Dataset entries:
╔══

lemma potential_maximizer_right_derivative_nonpos:
  assumes x: "x \<in> profiles S C" and max: "\<forall>y\<in>profiles S C. potential f S y \<le> potential f S x"
    and q: "q < nQ S" and dev: "Pq S (snd x) q pq pjq"
    and C_segment: "\<And>t. 0 \<le> t \<Longrightarrow> t \<le> 1 \<Longrightarrow> C q (\<lambda>j. snd x j q + t * (pjq j - snd x j q))"
    and C_truncate: "\<And>v. C q (truncate_jammers S v) = C q v"
    and f_truncate: "\<And>a v. f q a (truncate_jammers S v) = f q a v"
    and lim: "((\<lambda>t. (f q (fst x q + t * (pq - fst x q)) (\<lambda>j. snd x j q + t * (pjq j - snd x j q))
                  - f q (fst x q) (\<lambda>j. snd x j q)) / t) \<longlongrightarrow> L) (at_right 0)"
  shows "L \<le> 0"
proof (rule right_difference_quotient_limit_nonpos[where \<phi> =
    "\<lambda>t. f q (fst x q + t * (pq - fst x q)) (\<lambda>j. snd x j q + t * (pjq j - snd x j q))"])
  show "((\<lambda>t. (f q (fst x q + t * (pq - fst x q)) (\<lambda>j. snd x j q + t * (pjq j - snd x j q))
      - f q (fst x q + 0 * (pq - fst x q)) (\<lambda>j. snd x j q + 0 * (pjq j - snd x j q))) / t) \<longlongrightarrow> L) (at_right 0)"
    using lim by simp
  fix t :: real assume "0 < t" "t \<le> 1"
  then have "Pq S (snd x) q (fst x q + t * (pq - fst x q)) (\<lambda>j. snd x j q + t * (pjq j - snd x j q))"
    and "C q (truncate_jammers S (\<lambda>j. snd x j q + t * (pjq j - snd x j q)))"
    using Pq_segment[OF profile_own_Pq[OF x q] dev] C_segment C_truncate by auto
  from potential_maximizer_best_response[OF x max q this]
  show "f q (fst x q + t * (pq - fst x q)) (\<lambda>j. snd x j q + t * (pjq j - snd x j q))
      \<le> f q (fst x q + 0 * (pq - fst x q)) (\<lambda>j. snd x j q + 0 * (pjq j - snd x j q))"
    by (simp add: f_truncate)
qed
(* Let $f\in\mathcal{F}_{G,M}$ be a WTP function, $\tilde f$ its concave relaxation, and $\widetilde F(\tilde x)=\max_{\tilde y\in\widetilde{\mathcal{Y}}_{\mathcal{M}}(\tilde x)}\tilde f(\tilde y)$ for $\tilde x\in\widetilde{\mathcal{X}}_\ell$. Then $\widetilde F$ is $GM^2\sqrt n$-Lipschitz with respect to the Euclidean norm on $\widetilde{\mathcal{X}}_\ell$.
   Context: $\mathcal{M}$ is a matroid on $[n]$ with matroid polytope $\mathcal{P}(\mathcal{M})$. $\widetilde{\mathcal{X}}_\ell=\{\tilde x\in[0,1]^n:\sum_i\tilde x_i\le\ell\}$, $\widetilde{\mathcal{Y}}_{\mathcal{M}}(\tilde x)=\{\tilde y\in[0,1]^n:\tilde y\in\mathcal{P}(\mathcal{M}),\tilde y\le\tilde x\}$. A WTP function is $f(y)=\sum_{j\in\mathcal{C}}c_j\min\{b_j,y\cdot w_j\}$ for $y\in\{0,1\}^n$ with finite $\mathcal{C}$, $c_j>0$, $b_j\in\mathbb{R}_{\ge0}\cup\{\infty\}$, $w_j\in\mathbb{R}^n_{\ge0}$; $\tilde f$ is the same formula on $[0,1]^n$. $\mathcal{F}_{G,M}$ is the class of WTP functions with $|\mathcal{C}|\le G$ and $c_j\le M$, $b_j\le M$, $\|w_j\|_\infty\le M$ for all $j\in\mathcal{C}$. *)

theory Defs
  imports "HOL-Analysis.Analysis"
begin

text \<open>A matroid on the finite ground set UNIV of type 'n (playing the role of [n]),
  given by its family of independent sets.\<close>
definition matroid :: "('n::finite set \<Rightarrow> bool) \<Rightarrow> bool" where
  "matroid indep \<longleftrightarrow>
     indep {} \<and>
     (\<forall>A B. indep B \<and> A \<subseteq> B \<longrightarrow> indep A) \<and>
     (\<forall>A B. indep A \<and> indep B \<and> card A < card B \<longrightarrow> (\<exists>x\<in>B - A. indep (insert x A)))"

definition indicator_vec :: "'n::finite set \<Rightarrow> real ^ 'n" where
  "indicator_vec I = (\<chi> i. if i \<in> I then 1 else 0)"

definition matroid_polytope :: "('n::finite set \<Rightarrow> bool) \<Rightarrow> (real ^ 'n) set" where
  "matroid_polytope indep = convex hull {indicator_vec I | I. indep I}"

definition unit_cube :: "(real ^ 'n::finite) set" where
  "unit_cube = {x. \<forall>i. 0 \<le> x $ i \<and> x $ i \<le> 1}"

definition X_tilde :: "real \<Rightarrow> (real ^ 'n::finite) set" where
  "X_tilde l = {x \<in> unit_cube. (\<Sum>i\<in>UNIV. x $ i) \<le> l}"

definition Y_tilde :: "('n::finite set \<Rightarrow> bool) \<Rightarrow> real ^ 'n \<Rightarrow> (real ^ 'n) set" where
  "Y_tilde indep x = {y \<in> unit_cube. y \<in> matroid_polytope indep \<and> (\<forall>i. y $ i \<le> x $ i)}"

text \<open>WTP function data (C, c, b, w); b_j may be \<infinity> (ereal).
  Its relaxation evaluated at y in [0,1]^n.\<close>
definition wtp_tilde ::
  "'c set \<Rightarrow> ('c \<Rightarrow> real) \<Rightarrow> ('c \<Rightarrow> ereal) \<Rightarrow> ('c \<Rightarrow> real ^ 'n::finite) \<Rightarrow> real ^ 'n \<Rightarrow> real" where
  "wtp_tilde C c b w y = (\<Sum>j\<in>C. c j * real_of_ereal (min (b j) (ereal (y \<bullet> w j))))"

definition is_wtp :: "'c set \<Rightarrow> ('c \<Rightarrow> real) \<Rightarrow> ('c \<Rightarrow> ereal) \<Rightarrow> ('c \<Rightarrow> real ^ 'n::finite) \<Rightarrow> bool" where
  "is_wtp C c b w \<longleftrightarrow> finite C \<and>
     (\<forall>j\<in>C. c j > 0 \<and> b j \<ge> 0 \<and> (\<forall>i. w j $ i \<ge> 0))"

definition in_F_GM :: "nat \<Rightarrow> real \<Rightarrow> 'c set \<Rightarrow> ('c \<Rightarrow> real) \<Rightarrow> ('c \<Rightarrow> ereal) \<Rightarrow> ('c \<Rightarrow> real ^ 'n::finite) \<Rightarrow> bool" where
  "in_F_GM G M C c b w \<longleftrightarrow> is_wtp C c b w \<and> card C \<le> G \<and>
     (\<forall>j\<in>C. c j \<le> M \<and> b j \<le> ereal M \<and> (\<forall>i. \<bar>w j $ i\<bar> \<le> M))"

definition F_tilde ::
  "('n::finite set \<Rightarrow> bool) \<Rightarrow> 'c set \<Rightarrow> ('c \<Rightarrow> real) \<Rightarrow> ('c \<Rightarrow> ereal) \<Rightarrow> ('c \<Rightarrow> real ^ 'n) \<Rightarrow> real ^ 'n \<Rightarrow> real" where
  "F_tilde indep C c b w x = (SUP y\<in>Y_tilde indep x. wtp_tilde C c b w y)"

end

theory Submission
  imports Defs
begin

text \<open>For x, x' in X, truncating a feasible point y for x coordinatewise at x' gives a feasible
  point for x' (the matroid polytope is down-closed) at distance at most dist x x'. Hence the
  supremum F moves by at most L * dist x x' for any Lipschitz constant L of the relaxation. The
  relaxation is a combination with weights c_j of the 1-Lipschitz maps t \<mapsto> min b_j t composed
  with the linear forms y \<mapsto> y \<bullet> w_j, so L = \<Sum>_j c_j norm w_j \<le> G M (M sqrt n) works.\<close>

lemma lipschitz_on_sum:
  fixes f :: "'i \<Rightarrow> 'a::metric_space \<Rightarrow> 'b::real_normed_vector"
  assumes "\<And>i. i \<in> I \<Longrightarrow> lipschitz_on (L i) U (f i)"
  shows "lipschitz_on (\<Sum>i\<in>I. L i) U (\<lambda>x. \<Sum>i\<in>I. f i x)"
proof (cases "finite I")
  case True
  then show ?thesis
    using assms by (induction I rule: finite_induct) (auto intro: lipschitz_on_add lipschitz_on_constant)
qed (simp add: lipschitz_on_constant)

lemma lipschitz_on_inner_left: "lipschitz_on (norm w) U (\<lambda>y. y \<bullet> w)"
proof (rule lipschitz_onI)
  fix x y
  have "\<bar>x \<bullet> w - y \<bullet> w\<bar> = \<bar>(x - y) \<bullet> w\<bar>" by (simp add: inner_diff_left)
  also have "\<dots> \<le> norm w * norm (x - y)" by (metis Cauchy_Schwarz_ineq2 mult.commute)
  finally show "dist (x \<bullet> w) (y \<bullet> w) \<le> norm w * dist x y" by (simp add: dist_real_def dist_norm)
qed simp

lemma lipschitz_on_real_of_ereal_min: "lipschitz_on 1 U (\<lambda>t. real_of_ereal (min b (ereal t)))"
  by (rule lipschitz_onI, cases b) (auto simp: dist_real_def min_def)

lemma lipschitz_on_SUP:
  fixes f :: "'a::heine_borel \<Rightarrow> real" and Y :: "'b::metric_space \<Rightarrow> 'a set"
  assumes f: "lipschitz_on L (\<Union>(Y ` X)) f"
    and nonempty: "\<And>x. x \<in> X \<Longrightarrow> Y x \<noteq> {}"
    and bounded: "\<And>x. x \<in> X \<Longrightarrow> bounded (Y x)"
    and shadow: "\<And>x x' y. x \<in> X \<Longrightarrow> x' \<in> X \<Longrightarrow> y \<in> Y x \<Longrightarrow> \<exists>y'\<in>Y x'. dist y y' \<le> dist x x'"
  shows "lipschitz_on L X (\<lambda>x. SUP y\<in>Y x. f y)"
proof -
  have L: "0 \<le> L" using lipschitz_on_nonneg[OF f] .
  have bdd: "bdd_above (f ` Y x)" if "x \<in> X" for x
    using that f by (intro bounded_imp_bdd_above bounded_uniformly_continuous_image bounded
        lipschitz_on_uniformly_continuous) (auto elim: lipschitz_on_subset)
  have le: "(SUP y\<in>Y x. f y) \<le> (SUP y\<in>Y x'. f y) + L * dist x x'"
    if x: "x \<in> X" and x': "x' \<in> X" for x x'
  proof (rule cSUP_least[OF nonempty[OF x]])
    fix y assume y: "y \<in> Y x"
    then obtain y' where y': "y' \<in> Y x'" and d: "dist y y' \<le> dist x x'"
      using shadow[OF x x'] by blast
    have "f y \<le> f y' + L * dist y y'"
      using lipschitz_onD[OF f, of y y'] x x' y y' by (force simp: dist_real_def abs_le_iff)
    also have "\<dots> \<le> (SUP y\<in>Y x'. f y) + L * dist x x'"
      using cSUP_upper[OF y' bdd[OF x']] mult_left_mono[OF d L] by linarith
    finally show "f y \<le> (SUP y\<in>Y x'. f y) + L * dist x x'" .
  qed
  show ?thesis
  proof (rule lipschitz_onI[OF _ L])
    fix x x' assume "x \<in> X" "x' \<in> X"
    with le[of x x'] le[of x' x] show "dist (SUP y\<in>Y x. f y) (SUP y\<in>Y x'. f y) \<le> L * dist x x'"
      by (simp add: dist_real_def dist_commute abs_le_iff)
  qed
qed

lemma lipschitz_on_wtp_tilde:
  "lipschitz_on (\<Sum>j\<in>C. \<bar>c j\<bar> * norm (w j)) U (wtp_tilde C c b w)"
proof -
  have "lipschitz_on (\<Sum>j\<in>C. \<bar>c j\<bar> * (1 * norm (w j))) U
          (\<lambda>y. \<Sum>j\<in>C. c j * real_of_ereal (min (b j) (ereal (y \<bullet> w j))))"
    by (intro lipschitz_on_sum lipschitz_on_cmult_real lipschitz_on_inner_left
        lipschitz_on_compose2[where g = "\<lambda>t. real_of_ereal (min (b _) (ereal t))"]
        lipschitz_on_real_of_ereal_min)
  then show ?thesis by (simp add: wtp_tilde_def[abs_def])
qed

lemma norm_le_sqrt_card_mult:
  fixes v :: "real^'n"
  assumes "\<And>i. \<bar>v$i\<bar> \<le> M"
  shows "norm v \<le> sqrt (real CARD('n)) * M"
proof -
  have "0 \<le> M" using assms[of undefined] by linarith
  have "norm v = L2_set (\<lambda>i. \<bar>v$i\<bar>) UNIV" by (simp add: norm_vec_def)
  also have "\<dots> \<le> L2_set (\<lambda>i. M) (UNIV::'n set)"
    using assms by (intro L2_set_mono) auto
  also have "\<dots> = sqrt (real CARD('n)) * M"
    using \<open>0 \<le> M\<close> by (simp add: L2_set_def real_sqrt_mult)
  finally show ?thesis .
qed

lemma in_F_GM_lipschitz_constant_le:
  fixes w :: "'c \<Rightarrow> real^'n"
  assumes "in_F_GM G M C c b w"
  shows "(\<Sum>j\<in>C. \<bar>c j\<bar> * norm (w j)) \<le> real G * M\<^sup>2 * sqrt (real CARD('n))"
proof -
  have C: "finite C" "card C \<le> G" and c: "\<And>j. j \<in> C \<Longrightarrow> 0 < c j \<and> c j \<le> M"
    and w: "\<And>j i. j \<in> C \<Longrightarrow> \<bar>w j $ i\<bar> \<le> M"
    using assms by (auto simp: in_F_GM_def is_wtp_def)
  have "(\<Sum>j\<in>C. \<bar>c j\<bar> * norm (w j)) \<le> (\<Sum>j\<in>C. M * (sqrt (real CARD('n)) * M))"
    using c by (intro sum_mono mult_mono norm_le_sqrt_card_mult w) force+
  also have "\<dots> = real (card C) * (M\<^sup>2 * sqrt (real CARD('n)))"
    by (simp add: power2_eq_square)
  also have "\<dots> \<le> real G * (M\<^sup>2 * sqrt (real CARD('n)))"
    using C by (intro mult_right_mono) auto
  finally show ?thesis by (simp add: mult.assoc)
qed

lemma indicator_vec_in_matroid_polytope:
  "indep I \<Longrightarrow> indicator_vec I \<in> matroid_polytope indep"
  unfolding matroid_polytope_def by (blast intro: hull_inc)

lemma convex_matroid_polytope: "convex (matroid_polytope indep)"
  by (simp add: matroid_polytope_def)

lemma zero_in_matroid_polytope:
  assumes "matroid indep"
  shows "(0::real^'n) \<in> matroid_polytope indep"
proof -
  have "indicator_vec {} = (0::real^'n)" by (simp add: indicator_vec_def vec_eq_iff)
  then show ?thesis
    using assms indicator_vec_in_matroid_polytope[of indep "{}"] by (simp add: matroid_def)
qed

lemma matroid_polytope_scale_coordinate:
  fixes y :: "real^'n"
  assumes m: "matroid indep" and t: "0 \<le> t" "t \<le> 1"
    and y: "y \<in> matroid_polytope indep"
  shows "(\<chi> j. if j = i then t * y$j else y$j) \<in> matroid_polytope indep"
proof -
  define T where "T = (\<lambda>v::real^'n. \<chi> j. if j = i then t * v$j else v$j)"
  have "linear T"
    by (rule linearI) (auto simp: T_def vec_eq_iff algebra_simps)
  have gens: "T ` {indicator_vec I | I. indep I} \<subseteq> matroid_polytope indep"
  proof clarify
    fix I assume I: "indep I"
    then have "indep (I - {i})" using m unfolding matroid_def by blast
    moreover have "T (indicator_vec I) = t *\<^sub>R indicator_vec I + (1 - t) *\<^sub>R indicator_vec (I - {i})"
      by (auto simp: T_def vec_eq_iff indicator_vec_def)
    ultimately show "T (indicator_vec I) \<in> matroid_polytope indep"
      using I t by (auto intro!: convexD[OF convex_matroid_polytope] indicator_vec_in_matroid_polytope)
  qed
  have "T ` matroid_polytope indep = convex hull (T ` {indicator_vec I | I. indep I})"
    unfolding matroid_polytope_def by (rule convex_hull_linear_image[OF \<open>linear T\<close>])
  also have "\<dots> \<subseteq> matroid_polytope indep"
    by (rule hull_minimal[OF gens]) (rule convex_matroid_polytope)
  finally show ?thesis using y by (auto simp: T_def)
qed

lemma matroid_polytope_scale_coordinates:
  assumes m: "matroid indep" and s: "\<And>i. 0 \<le> s i \<and> s i \<le> 1"
    and y: "y \<in> matroid_polytope indep" and "finite S"
  shows "(\<chi> j. if j \<in> S then s j * y$j else y$j) \<in> matroid_polytope indep"
  using \<open>finite S\<close>
proof (induction S rule: finite_induct)
  case empty
  then show ?case using y by simp
next
  case (insert i S)
  let ?z = "\<chi> j. if j \<in> S then s j * y$j else y$j"
  have "(\<chi> j. if j = i then s i * ?z$j else ?z$j) \<in> matroid_polytope indep"
    using s by (intro matroid_polytope_scale_coordinate[OF m _ _ insert.IH]) auto
  moreover have "(\<chi> j. if j = i then s i * ?z$j else ?z$j)
      = (\<chi> j. if j \<in> insert i S then s j * y$j else y$j)"
    using insert.hyps by (auto simp: vec_eq_iff)
  ultimately show ?case by simp
qed

lemma matroid_polytope_down_closed:
  assumes m: "matroid indep" and y: "y \<in> matroid_polytope indep"
    and z: "\<And>i. 0 \<le> z$i \<and> z$i \<le> y$i"
  shows "z \<in> matroid_polytope indep"
proof -
  define s where "s i = (if y$i = 0 then 1 else z$i / y$i)" for i
  have s: "0 \<le> s i \<and> s i \<le> 1" for i
    using z[of i] by (auto simp: s_def divide_le_eq_1)
  have "(\<chi> j. if j \<in> UNIV then s j * y$j else y$j) = z"
    using z by (auto simp: vec_eq_iff s_def) (metis order_antisym)
  then show ?thesis
    using matroid_polytope_scale_coordinates[of indep s y UNIV] m s y by simp
qed

lemma unit_cube_eq_cbox: "unit_cube = cbox 0 (1::real^'n)"
  by (auto simp: unit_cube_def mem_box_cart)

lemma bounded_Y_tilde: "bounded (Y_tilde indep x)"
  by (rule bounded_subset[of unit_cube]) (auto simp: unit_cube_eq_cbox Y_tilde_def)

lemma zero_in_Y_tilde:
  assumes "matroid indep" and "x \<in> unit_cube"
  shows "0 \<in> Y_tilde indep x"
  using assms zero_in_matroid_polytope[OF assms(1)] by (auto simp: Y_tilde_def unit_cube_def)

lemma Y_tilde_truncate:
  assumes m: "matroid indep" and y: "y \<in> Y_tilde indep x" and x': "x' \<in> unit_cube"
  shows "\<exists>y'\<in>Y_tilde indep x'. dist y y' \<le> dist x x'"
proof
  define y' where "y' = (\<chi> i. min (y$i) (x'$i))"
  have y'_nth: "y'$i = min (y$i) (x'$i)" for i
    by (simp add: y'_def)
  have y_cube: "0 \<le> y$i \<and> y$i \<le> 1" and y_le: "y$i \<le> x$i" for i
    using y by (auto simp: Y_tilde_def unit_cube_def)
  have x'_cube: "0 \<le> x'$i \<and> x'$i \<le> 1" for i
    using x' by (simp add: unit_cube_def)
  have "y' \<in> matroid_polytope indep"
  proof (rule matroid_polytope_down_closed[OF m])
    show "y \<in> matroid_polytope indep" using y by (simp add: Y_tilde_def)
    show "0 \<le> y'$i \<and> y'$i \<le> y$i" for i
      using y_cube[of i] x'_cube[of i] by (simp add: y'_nth)
  qed
  then show "y' \<in> Y_tilde indep x'"
    using y_cube x'_cube by (simp add: Y_tilde_def unit_cube_def y'_nth min_le_iff_disj)
  have "\<bar>y$i - y'$i\<bar> \<le> \<bar>x$i - x'$i\<bar>" for i
    using y_le[of i] by (simp add: y'_nth min_def)
  then show "dist y y' \<le> dist x x'"
    unfolding dist_norm by (intro norm_le_componentwise_cart) simp
qed

theorem lemma17:
  fixes indep :: "'n::finite set \<Rightarrow> bool"
    and C :: "'c set" and c :: "'c \<Rightarrow> real" and b :: "'c \<Rightarrow> ereal"
    and w :: "'c \<Rightarrow> real ^ 'n" and G :: nat and M l :: real
  assumes "matroid indep"
    and "in_F_GM G M C c b w"
  shows "lipschitz_on (real G * M\<^sup>2 * sqrt (real CARD('n))) (X_tilde l) (F_tilde indep C c b w)"
proof -
  have "lipschitz_on (real G * M\<^sup>2 * sqrt (real CARD('n))) UNIV (wtp_tilde C c b w)"
    using lipschitz_on_wtp_tilde in_F_GM_lipschitz_constant_le[OF assms(2)] by (rule lipschitz_on_le)
  then show ?thesis
    unfolding F_tilde_def
  proof (rule lipschitz_on_SUP[OF lipschitz_on_subset])
    fix x :: "real^'n" assume "x \<in> X_tilde l"
    then show "Y_tilde indep x \<noteq> {}"
      using zero_in_Y_tilde[OF assms(1)] by (auto simp: X_tilde_def)
  next
    fix x x' y :: "real^'n" assume "x \<in> X_tilde l" "x' \<in> X_tilde l" "y \<in> Y_tilde indep x"
    then show "\<exists>y'\<in>Y_tilde indep x'. dist y y' \<le> dist x x'"
      by (simp add: X_tilde_def Y_tilde_truncate[OF assms(1)])
  qed (simp_all add: bounded_Y_tilde)
qed

end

╚══

-- THE TASK --
Lines holding the word "metis" in the records above: how many are there? Answer with the number only.

-- EXERCISE OUTPUT --
2